GO/KEGG Enrichment
WarnAudited by ClawScan on May 10, 2026.
Overview
The skill mostly matches its GO/KEGG enrichment purpose, but its script contains unsafe dynamic code execution and its online API behavior should be reviewed before use.
Review or patch scripts/main.py before running it, especially the eval() usage. If your gene list is sensitive, avoid online enrichment modes unless you are comfortable sending that data to the external provider. Prefer a controlled environment with pinned dependency versions.
Findings (4)
Artifact-based informational review of SKILL.md, metadata, install specs, static scan signals, and capability signals. ClawScan does not execute the skill or run runtime probes.
A crafted analysis result or upstream data value could potentially cause the script to run unintended Python code on the user’s machine.
The script dynamically evaluates string content instead of safely parsing numeric ratios, creating a code-execution risk if untrusted or malformed result data reaches this code path.
lambda x: eval(x) if '/' in str(x) else float(x)
Replace eval() with safe parsing, such as splitting numerator and denominator on '/', validating both as numbers, and dividing them explicitly.
Gene lists from unpublished research or clinical contexts may leave the local machine when online APIs are used.
The tool supports an online enrichment mode, which may send user-provided gene lists to an external provider.

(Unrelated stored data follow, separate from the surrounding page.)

(* Let $(\mathcal G_t)\subseteq(\mathcal F_t)$ be a filtration, $(\rho^n)_{n\ge1}\subset\tilde{\mathcal A}^\circ(\mathcal G_t)$ and $\rho\in\tilde{\mathcal A}^\circ(\mathcal G_t)$ with $$\mathbb P\big(\{\omega:\lim_{n\to\infty}\rho^n_t(\omega)=\rho_t(\omega)\text{ for all }t\in C_\rho(\omega)\cup\{T\}\}\big)=1.$$ Let $\theta$ be an $\mathcal F$-measurable random variable with values in $(0,T]$ and $X$ an $\mathcal F$-measurable random variable with values in $[0,\infty)$ and $\mathbb E[X]<\infty$. Then $$\limsup_{n\to\infty}\mathbb E\Big[\int_{[0,T]}1_{\{t\ge\theta\}}X\,d\rho^n_t\Big]\le\mathbb E\Big[\int_{[0,T]}1_{\{t\ge\theta\}}X\,d\rho_t\Big].$$ If moreover $\mathbb P(\{\omega:\theta(\omega)\in C_\rho(\omega)\text{ or }X(\omega)=0\})=1$, then the limit exists and equality holds.
   Context: $(\Omega,\mathcal F,\mathbb P)$ complete probability space with filtration $(\mathcal F_t)_{t\in[0,T]}$, $T\in(0,\infty]$. $\tilde{\mathcal A}^\circ(\mathcal G_t)$ is the set of $(\mathcal G_t)$-adapted processes $\rho$ with, for all $\omega$, $t\mapsto\rho_t(\omega)$ càdlàg non-decreasing, $\rho_{0-}=0$ and $\rho_T\le1$. For a càdlàg process $X$, $C_X(\omega)=\{t\in[0,T]:X_{t-}(\omega)=X_t(\omega)\}$. Integrals are pathwise Lebesgue–Stieltjes. *)

theory Defs
  imports "HOL-Probability.Probability"
begin

definition filtration_on :: "'a measure \<Rightarrow> ereal \<Rightarrow> (ereal \<Rightarrow> 'a measure) \<Rightarrow> bool" where
  "filtration_on M T F \<longleftrightarrow>
     (\<forall>t\<in>{0..T}. space (F t) = space M \<and> sets (F t) \<subseteq> sets M) \<and>
     (\<forall>s\<in>{0..T}. \<forall>t\<in>{0..T}. s \<le> t \<longrightarrow> sets (F s) \<subseteq> sets (F t))"

text \<open>Sample path extended by the convention rho_{0-} = 0 (value 0 before time 0)
  and kept constant after T (so that it carries no mass outside [0,T]).\<close>
definition path_ext :: "ereal \<Rightarrow> (ereal \<Rightarrow> real) \<Rightarrow> ereal \<Rightarrow> real" where
  "path_ext T f t = (if t < 0 then 0 else if t \<le> T then f t else f T)"

text \<open>Left limit X_{t-} of a path; at t = 0 this is the convention value 0.\<close>
definition left_lim :: "ereal \<Rightarrow> (ereal \<Rightarrow> real) \<Rightarrow> ereal \<Rightarrow> real" where
  "left_lim T f t = Lim (at_left t) (path_ext T f)"

definition cont_points :: "ereal \<Rightarrow> (ereal \<Rightarrow> real) \<Rightarrow> ereal set" where
  "cont_points T f = {t \<in> {0..T}. left_lim T f t = f t}"
lemma cut_by_negative_if_mccormickQ_eq_hull:
  fixes E :: "('n::finite) set set"
  assumes simple: "simple_graph E" and nz: "\<forall>e\<in>E. a e \<noteq> 0"
    and eq: "mccormickQ E a = convex hull graphB E a"
  shows "\<exists>\<sigma>. cut_by E (\<lambda>e. a e < 0) \<sigma>"
proof -
  obtain x where x: "x \<in> unit_box" and gap: "\<forall>e\<in>E. edge_gap a x e = 0"
    by (rule zero_gap_point_if_mccormickQ_eq_hull[OF simple eq])
  have "cut_by E (\<lambda>e. a e < 0) (\<lambda>w. x$w = 1)"
    unfolding cut_by_def
  proof (intro ballI impI)
    fix e i j assume e: "e \<in> E" and ij: "i \<in> e" "j \<in> e" "i \<noteq> j"
    then have e_ij: "e = {i, j}" using simple by (auto simp: simple_graph_def card_2_iff)
    have "(x$i = 1 \<longleftrightarrow> x$j = 1) \<longleftrightarrow> 0 < a e"
    proof (rule product_slack(2))
      show "0 \<le> x$i" "x$i \<le> 1" "0 \<le> x$j" "x$j \<le> 1" using x by (simp_all add: unit_box_def)
      show "a e / 2 * (x$i + x$j) - a e * (x$i * x$j) - (if a e < 0 then a e / 2 else 0) = 0"
        using gap e edge_gap_pair[OF e_ij ij(3), of a x] by simp
      show "a e \<noteq> 0" using nz e by blast
    qed
    then show "(x$i = 1) \<noteq> (x$j = 1) \<longleftrightarrow> a e < 0"
      using nz e by (auto simp: neq_iff)
  qed
  then show ?thesis by blast
qed

lemma mccormickQ_eq_hull_uminus:
  fixes E :: "('n::finite) set set"
  assumes "mccormickQ E a = convex hull graphB E a"
  shows "mccormickQ E (\<lambda>e. - a e) = convex hull graphB E (\<lambda>e. - a e)"
proof -
  define g :: "(real^'n) \<times> real \<Rightarrow> (real^'n) \<times> real" where "g p = (fst p, - snd p)" for p
  have "linear g" by (rule linearI) (simp_all add: g_def)
  have reflect: "S' = g ` S" if "\<And>x z. (x, z) \<in> S' \<longleftrightarrow> (x, - z) \<in> S" for S S'
  proof -
    have mem: "p \<in> S' \<longleftrightarrow> g p \<in> S" for p using that[of "fst p" "snd p"] by (simp add: g_def)
    have inv: "g (g p) = p" for p by (simp add: g_def)
    show ?thesis
    proof (intro equalityI subsetI)
      fix p assume "p \<in> S'"
      then have "g p \<in> S" using mem by simp
      then show "p \<in> g ` S" using inv[of p] by (metis image_eqI)
    next
      fix p assume "p \<in> g ` S"
      then show "p \<in> S'" using mem inv by auto
    qed
  qed
  have "mccormickQ E (\<lambda>e. - a e) = g ` mccormickQ E a"
    by (rule reflect) (auto simp: mccormickQ_def sum_negf)
  moreover have "graphB E (\<lambda>e. - a e) = g ` graphB E a"
    by (rule reflect) (auto simp: graphB_def bilin_def sum_negf)
  ultimately show ?thesis
    using assms convex_hull_linear_image[OF \<open>linear g\<close>] by simp
qed
text \<open>Every finite group is isomorphic to a group with carrier in nat,
  so comparing against stem extensions with carrier type nat covers all of them.\<close>
definition covering_group :: "('c, 'd) monoid_scheme \<Rightarrow> ('a, 'b) monoid_scheme \<Rightarrow> bool" where
  "covering_group G H \<longleftrightarrow> finite (carrier H) \<and> (\<exists>A. stem_extension G H A)
      \<and> (\<forall>(K :: nat monoid) B. stem_extension G K B \<and> finite (carrier K) \<longrightarrow> card (carrier K) \<le> card (carrier H))"

end

theory Submission
  imports Defs
begin

text \<open>If A is central and contained in [H,H] with H/A \<cong> G, then a central element of H maps to a
  central element of G; when Z(G) \<le> [G,G], it agrees with a commutator modulo A \<le> [H,H], so it lies
  in [H,H]. For G = UT_n(F_p) the centre consists of the matrices I + c E_{1n}, and for n \<ge> 3 each of
  them is the commutator of I + c E_{12} and I + E_{2n}.\<close>

lemma (in group) central_subgroup_normal:
  assumes "subgroup A G" and "A \<subseteq> group_center G"
  shows "A \<lhd> G"
proof (rule normal_invI[OF assms(1)])
  fix x h assume x: "x \<in> carrier G" and h: "h \<in> A"
  then have "h \<in> carrier G" and "x \<otimes> h = h \<otimes> x"
    using assms(2) by (auto simp: group_center_def)
  with x h show "x \<otimes> h \<otimes> inv x \<in> A"
    by (simp add: m_assoc)
qed

text \<open>Avoids verifying associativity for UT n p: \<open>iso_imp_img_group\<close> transports the group
  structure with the image of the unit as identity, and a right identity forces the two units to agree.\<close>
lemma group_if_iso_group_right_one:
  assumes "group K" and "K \<cong> G" and "\<one>\<^bsub>G\<^esub> \<in> carrier G"
    and "\<And>x. x \<in> carrier G \<Longrightarrow> x \<otimes>\<^bsub>G\<^esub> \<one>\<^bsub>G\<^esub> = x"
  shows "group G"
proof -
  obtain f where f: "f \<in> iso K G" using assms(2) unfolding is_iso_def by auto
  let ?G' = "G\<lparr>one := f \<one>\<^bsub>K\<^esub>\<rparr>"
  have G': "group ?G'" by (rule group.iso_imp_img_group[OF assms(1) f])
  have "f \<one>\<^bsub>K\<^esub> \<in> carrier G"
    using f group.is_monoid[OF assms(1)] by (auto simp: iso_def intro: hom_in_carrier)
  then have "f \<one>\<^bsub>K\<^esub> = f \<one>\<^bsub>K\<^esub> \<otimes>\<^bsub>G\<^esub> \<one>\<^bsub>G\<^esub>"
    using assms(4) by simp
  also have "\<dots> = \<one>\<^bsub>G\<^esub>"
    using monoid.l_one[OF group.is_monoid[OF G'], of "\<one>\<^bsub>G\<^esub>"] assms(3) by simp
  finally have "?G' = G" by simp
  with G' show ?thesis by simp
qed

lemma (in group_hom) surj_hom_center_image:
  assumes "h ` carrier G = carrier H" and "z \<in> group_center G"
  shows "h z \<in> group_center H"
  unfolding group_center_def
proof safe
  have z: "z \<in> carrier G" using assms(2) by (simp add: group_center_def)
  then show "h z \<in> carrier H" by simp
  fix y assume "y \<in> carrier H"
  then obtain x where x: "x \<in> carrier G" "y = h x" using assms(1) by auto
  then have "z \<otimes> x = x \<otimes> z" using assms(2) by (simp add: group_center_def)
  then show "h z \<otimes>\<^bsub>H\<^esub> y = y \<otimes>\<^bsub>H\<^esub> h z"
    using x z by (metis hom_mult)
qed

lemma (in group_hom) center_subset_derived_if_surj_hom:
  assumes surj: "h ` carrier G = carrier H"
    and ker: "kernel G H h \<subseteq> derived G (carrier G)"
    and H_center: "group_center H \<subseteq> derived H (carrier H)"
  shows "group_center G \<subseteq> derived G (carrier G)"
proof
  fix z assume z: "z \<in> group_center G"
  then have zG: "z \<in> carrier G" by (simp add: group_center_def)
  have "h z \<in> derived H (carrier H)"
    using surj_hom_center_image[OF surj z] H_center by blast
  also have "derived H (carrier H) = h ` derived G (carrier G)"
    using derived_img[of "carrier G"] surj by simp
  finally obtain d where d: "d \<in> derived G (carrier G)" "h z = h d" by auto
  have sub: "subgroup (derived G (carrier G)) G" by (simp add: G.derived_is_subgroup)
  have dG: "d \<in> carrier G" using d(1) subgroup.subset[OF sub] by auto
  have "z \<otimes> inv d \<in> kernel G H h"
    using zG dG d(2) by (simp add: kernel_def)
  then have "z \<otimes> inv d \<otimes> d \<in> derived G (carrier G)"
    using ker d(1) subgroup.m_closed[OF sub] by blast
  then show "z \<in> derived G (carrier G)"
    using zG dG by (simp add: G.m_assoc)
qed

help="Use Enrichr API instead of local gseapy (faster, no download needed)"
Use local analysis for sensitive gene lists, or clearly confirm with the user before using Enrichr/KEGG online services.
Users may misunderstand whether their gene data is processed locally or shared with external enrichment services.
The documentation contains conflicting network-risk messaging: it describes API access elsewhere but the risk table says there are no external API calls.
This skill requires: ... KEGG REST API access ... | Network Access | No external API calls |
Clarify the documentation so it states exactly which modes contact KEGG, Enrichr, or other external services and what data is sent.
The skill’s behavior may change depending on which dependency versions are installed later.
Dependencies are specified with lower bounds rather than exact pinned versions, so future installs may pull different package versions.
pandas>=1.3.0 numpy>=1.20.0 gseapy>=1.0.0 matplotlib>=3.5.0
Pin dependency versions or provide a lockfile for reproducible installs, especially for workflows that run code locally.